とはいえ、このヤシの木の林立する空間、大型スラローム北側のエリアについては、そもそも新球場(マツダスタジアム)建設に向けての最優秀コンペ作品では「賑わい施設」や「イベントステージ」がレイアウトされることになっていたゾーンだ。
これは「365日賑わうスタジアム」、「近隣住民や市民が自由にコンコースを散策できたりする」ことが想定されていたためだが、どこで何がどうなったのか、賑わい施設としてはクローズドな結婚式場が進出することになった。
また大型スラロームの北側、JRの線路と挟まれたエリアには広島の屋内練習場が2月末までの工期で最終仕上げの段階に入っているが、ここもコンペ案では商業施設などが揃い、毎日スタジアムを見学に来る「ゲスト」を出迎えることになっていた。
完成間近の屋内練習場
スラロームから見える入り口
やはり「レトロ」テイストな演出が…
屋内練習場については「球場内に設置する」ことがコンペ提出作品の条件となっていた。「広島市はコンペの条件に合致しない作品を最優秀に選んだことになり、これはコンペの精神に反するばかりでなく違法行為」と指摘する関係者の声がある。
これらの話を総合すれば、マツダスタジアム本体も周辺整備も当初の計画から大きく外れたものになっている。
JR線路沿いのカープナインの活躍を紹介
するお馴染みの広告も一新
一方、マツダスタジアムの誕生で「空地」となったままの旧広島市民球場跡地では、ご覧のように「砂漠化」が進む。広島市の旗振りで「イベント広場」としての活用を進めようとしているが、平日の午後4時、「市民がルールを守って自由に使える」空間の人影はゼロ。

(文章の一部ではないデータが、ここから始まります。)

lemma in_constructible_closure_of_ideals:
  assumes S: "S \<subseteq> {Q. ring_ideal Q}"
  shows "I \<in> constructible_topology zariski_ideals closure_of S \<longleftrightarrow>
    ring_ideal I \<and> (\<forall>F G. finite F \<and> finite G \<and> F \<subseteq> I \<and> G \<inter> I = {} \<longrightarrow>
      (\<exists>Q\<in>S. F \<subseteq> Q \<and> G \<inter> Q = {}))"
    (is "_ \<longleftrightarrow> ring_ideal I \<and> ?meets")
proof
  assume I: "I \<in> constructible_topology zariski_ideals closure_of S"
  then have "ring_ideal I"
    using closure_of_subset_topspace[of "constructible_topology zariski_ideals" S]
    unfolding topspace_constructible_topology topspace_zariski_ideals by blast
  moreover have ?meets
  proof (intro allI impI, elim conjE)
    fix F G assume FG: "finite F" "finite G" "F \<subseteq> I" "G \<inter> I = {}"
    then have "I \<in> ideals_containing_avoiding F G"
      using \<open>ring_ideal I\<close> unfolding ideals_containing_avoiding_def by blast
    then obtain Q where "Q \<in> S" "Q \<in> ideals_containing_avoiding F G"
      using I openin_constructible_ideals_containing_avoiding[OF FG(1,2)]
      unfolding in_closure_of by blast
    then show "\<exists>Q\<in>S. F \<subseteq> Q \<and> G \<inter> Q = {}"
      unfolding ideals_containing_avoiding_def by blast
  qed
  ultimately show "ring_ideal I \<and> ?meets" ..
next
  assume "ring_ideal I \<and> ?meets"
  then have I: "ring_ideal I" and meets: ?meets
    by blast+
  show "I \<in> constructible_topology zariski_ideals closure_of S"
    unfolding in_closure_of topspace_constructible_topology topspace_zariski_ideals
  proof (intro conjI allI impI CollectI I, elim conjE)
    fix T assume "I \<in> T" "openin (constructible_topology zariski_ideals) T"
    then obtain F G where FG: "finite F" "finite G" "F \<subseteq> I" "G \<inter> I = {}"
      and box: "ideals_containing_avoiding F G \<subseteq> T"
      using constructible_neighbourhood_ideals by metis
    then obtain Q where "Q \<in> S" "F \<subseteq> Q" "G \<inter> Q = {}"
      using meets by blast
    moreover have "ring_ideal Q"
      using S \<open>Q \<in> S\<close> by blast
    ultimately show "\<exists>Q. Q \<in> S \<and> Q \<in> T"
      using box unfolding ideals_containing_avoiding_def by blast
  qed
qed

lemma in_constructible_closure_primary_ideals_of_iff:
  fixes P :: "'a::comm_ring_1 set"
  assumes noeth: "noetherian_ring TYPE('a)" and P: "prime_ideal P"
    and I: "ring_ideal I" "I \<noteq> UNIV"
  shows "I \<in> constructible_topology zariski_ideals closure_of primary_ideals_of P \<longleftrightarrow> saturated P I"
proof -
  have "primary_ideals_of P \<subseteq> {Q. ring_ideal Q}"
    unfolding primary_ideals_of_def primary_ideal_def by blast
  note closure = in_constructible_closure_of_ideals[OF this]
  show ?thesis
  proof
    assume "I \<in> constructible_topology zariski_ideals closure_of primary_ideals_of P"
    then have meets: "\<forall>F G. finite F \<and> finite G \<and> F \<subseteq> I \<and> G \<inter> I = {} \<longrightarrow>
        (\<exists>Q\<in>primary_ideals_of P. F \<subseteq> Q \<and> G \<inter> Q = {})"
      unfolding closure by blast
    show "saturated P I"
      unfolding saturated_def
    proof (intro allI impI)
      fix s x assume s: "s \<notin> P" and sx: "s * x \<in> I"
      show "x \<in> I"
      proof (rule ccontr)
        assume "x \<notin> I"
        then obtain Q where "Q \<in> primary_ideals_of P" "s * x \<in> Q" "x \<notin> Q"
          using meets[rule_format, of "{s * x}" "{x}"] sx by auto
        then show False
          using saturatedD[OF primary_ideals_of_saturated s] by blast
      qed
    qed
  next
    assume sat: "saturated P I"
    have "\<exists>Q\<in>primary_ideals_of P. F \<subseteq> Q \<and> G \<inter> Q = {}"
      if "finite F" "finite G" "F \<subseteq> I" "G \<inter> I = {}" for F G
    proof -
      obtain Q where "Q \<in> primary_ideals_of P" "I \<subseteq> Q" "G \<inter> Q = {}"
        using exists_primary_ideal_avoiding_finite[OF noeth P I sat \<open>finite G\<close> \<open>G \<inter> I = {}\<close>] .
      then show ?thesis
        using \<open>F \<subseteq> I\<close> by blast
    qed
    then show "I \<in> constructible_topology zariski_ideals closure_of primary_ideals_of P"
      unfolding closure using I(1) by blast
  qed
qed

lemma constructible_closure_primary_ideals_of:
  fixes P :: "'a::comm_ring_1 set"
  assumes noeth: "noetherian_ring TYPE('a)" and P: "prime_ideal P"
  shows "subtopology (constructible_topology zariski_ideals) proper_ideals closure_of primary_ideals_of P
    = {I \<in> proper_ideals. saturated P I}"
proof -
  have "primary_ideals_of P \<subseteq> proper_ideals"
    unfolding primary_ideals_of_def primary_ideal_def proper_ideals_def by blast
  then show ?thesis
    unfolding closure_of_subtopology Int_absorb1[OF \<open>primary_ideals_of P \<subseteq> proper_ideals\<close>]
    using in_constructible_closure_primary_ideals_of_iff[OF noeth P]
    unfolding proper_ideals_def by blast
qed

theorem proposition5p3:
  assumes "noetherian_ring TYPE('a::comm_ring_1)"
  shows "(\<forall>(P :: 'a set) (f :: 'a \<Rightarrow> 'b::comm_ring_1).
            prime_ideal P \<and> is_localization_at P f \<longrightarrow>
              primary_intersections_of P =
                (subtopology (constructible_topology zariski_ideals) proper_ideals)
                  closure_of primary_ideals_of P
            \<and> (subtopology (constructible_topology zariski_ideals) proper_ideals)
                  closure_of primary_ideals_of P
                = (\<lambda>J. f -` J) ` (proper_ideals :: 'b set set))
       \<and> (\<forall>M :: 'a set. local_ring_with M \<longrightarrow>
            (subtopology (constructible_topology zariski_ideals) proper_ideals)
              closure_of primary_ideals_of M = proper_ideals)"
proof (intro conjI allI impI; (elim conjE)?)
  fix P :: "'a set" and f :: "'a \<Rightarrow> 'b"
  assume P: "prime_ideal P" and f: "is_localization_at P f"
  show "primary_intersections_of P =
      subtopology (constructible_topology zariski_ideals) proper_ideals closure_of primary_ideals_of P"
    using primary_intersections_of_eq_saturated[OF assms P]
      constructible_closure_primary_ideals_of[OF assms P] by simp
  show "subtopology (constructible_topology zariski_ideals) proper_ideals closure_of primary_ideals_of P
      = (\<lambda>J. f -` J) ` (proper_ideals :: 'b set set)"
    using vimage_localization_proper_ideals[OF P f]
      constructible_closure_primary_ideals_of[OF assms P] by simp
next
  fix M :: "'a set"
  assume M: "local_ring_with M"
  then have "prime_ideal M"
    using maximal_ideal_imp_prime_ideal unfolding local_ring_with_def by blast
  then show "subtopology (constructible_topology zariski_ideals) proper_ideals closure_of
      primary_ideals_of M = proper_ideals"
    using constructible_closure_primary_ideals_of[OF assms] local_ring_saturated[OF M]
    unfolding proper_ideals_def by auto
qed
lemma poisson_pp_sorted_in_cells:
  assumes pp: "poisson_pp M lam P"
    and B: "\<And>i. i < k \<Longrightarrow> B i \<in> sets borel" "\<And>i. i < k \<Longrightarrow> B i \<subseteq> {0..<1}"
    and ord: "\<And>i j a b. i < j \<Longrightarrow> j < k \<Longrightarrow> a \<in> B i \<Longrightarrow> b \<in> B j \<Longrightarrow> a < b"
  shows "{\<omega>\<in>space M. card (P \<omega>) = k \<and> (\<forall>i<k. sorted_list_of_set (P \<omega>) ! i \<in> B i)} \<in> sets M"
      (is "?E \<in> _")
    and "measure M {\<omega>\<in>space M. card (P \<omega>) = k \<and> (\<forall>i<k. sorted_list_of_set (P \<omega>) ! i \<in> B i)}
           = lam ^ k * (\<Prod>i<k. measure lborel (B i)) * exp (- lam)"
proof -
  have "disjoint_family_on B {..<k}"
    unfolding disjoint_family_on_def
    by (metis disjoint_iff lessThan_iff linorder_neqE_nat ord order_less_irrefl)
  note cells = poisson_pp_one_point_in_each_cell[OF pp B this]
  have event: "?E = {\<omega>\<in>space M. (\<forall>i<k. card (P \<omega> \<inter> B i) = 1) \<and>
            card (P \<omega> \<inter> ({0..<1} - (\<Union>i<k. B i))) = 0}"
  proof (rule Collect_cong, rule conj_cong[OF refl])
    fix \<omega> assume "\<omega> \<in> space M"
    with poisson_pp_finite[OF pp] show
      "card (P \<omega>) = k \<and> (\<forall>i<k. sorted_list_of_set (P \<omega>) ! i \<in> B i) \<longleftrightarrow>
       (\<forall>i<k. card (P \<omega> \<inter> B i) = 1) \<and> card (P \<omega> \<inter> ({0..<1} - (\<Union>i<k. B i))) = 0"
      by (intro sorted_list_of_set_in_cells_iff[OF _ _ ord]) auto
  qed
  show "?E \<in> sets M"
    unfolding event by (rule cells(1))
  show "measure M ?E = lam ^ k * (\<Prod>i<k. measure lborel (B i)) * exp (- lam)"
    unfolding event by (rule cells(2))
qed

lemma poisson_pp_sorted_nth_measurable:
  assumes pp: "poisson_pp M lam P"
  shows "(\<lambda>\<omega>. sorted_list_of_set (P \<omega>) ! i) \<in> borel_measurable M"
proof (rule borel_measurableI_le)
  fix a :: real
  text \<open>Counts are only known to be measurable for subsets of [0,1), hence the intersections
    with {0..<1}.\<close>
  define G where "G n = {\<omega>\<in>space M. card (P \<omega> \<inter> {0..<1}) = n} \<inter>
      (if i < n then {\<omega>\<in>space M. Suc i \<le> card (P \<omega> \<inter> ({0..<1} \<inter> {..a}))}
       else if [] ! (i - n) \<le> a then space M else {})" for n
  have "G n \<in> sets M" for n
    unfolding G_def by (auto intro!: poisson_pp_count_event[OF pp])
  moreover have "\<omega> \<in> G n \<longleftrightarrow> card (P \<omega>) = n \<and> sorted_list_of_set (P \<omega>) ! i \<le> a"
    if "\<omega> \<in> space M" for \<omega> n
  proof -
    have "P \<omega> \<inter> {0..<1} = P \<omega>" "P \<omega> \<inter> ({0..<1} \<inter> {..a}) = P \<omega> \<inter> {..a}"
      using poisson_pp_finite[OF pp that] by auto
    then show ?thesis
      using that sorted_list_of_set_nth_le_iff_if[of "P \<omega>" i a] poisson_pp_finite[OF pp that]
      by (auto simp: G_def)
  qed
  then have "{\<omega>\<in>space M. sorted_list_of_set (P \<omega>) ! i \<le> a} = (\<Union>n. G n)"
    by (auto simp: G_def)
  ultimately show "{\<omega>\<in>space M. sorted_list_of_set (P \<omega>) ! i \<le> a} \<in> sets M"
    by auto
qed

2月25日午後4時撮影、旧広島市民球場跡地には人影なし
球場跡地正面に掲げてある「一般開放」の決まり
国際平和文化都市、広島の街のど真ん中で、使用は無料であるにもかかわらず、本当にイベントスケジュールが「空き」ならば、広島市の言う「インベント広場」「緑地」中心の球場跡地整備計画には無理がある。
秋葉忠利前広島市長が「年間150万人を集客する施設を球場移転後に作る」と約束してすでに10年近くが経過…。そのうちの4年間は秋葉前市長からバトンを受けた松井市長の手腕に期待が集まったが、状況は「秋葉時代」とほとんど変わらないまま4月12日投開票の広島市長選を迎える。
東の岡山市、西の福岡市に挟まれ、両市の地下街の賑わいに比べてはるかに劣る広島市のど真ん中、第3セクターの地下街シャレオでは空きテナントの問題が開業後、ほどなく発生したが効果的な手は打てていない。(2月25日午後4時30分撮影)
砂漠化した土地に隣接する地下街シャレオでは、これまた政令指定都市のど真ん中にもかかわらず空きテナントが次々に生まれるという「地盤沈下」がますます深刻化…。
球場移転のあとの無策と、移転先の調整ミスにより狭い広島のデルタ地帯の東西で極端な「気候変動」が始まっている。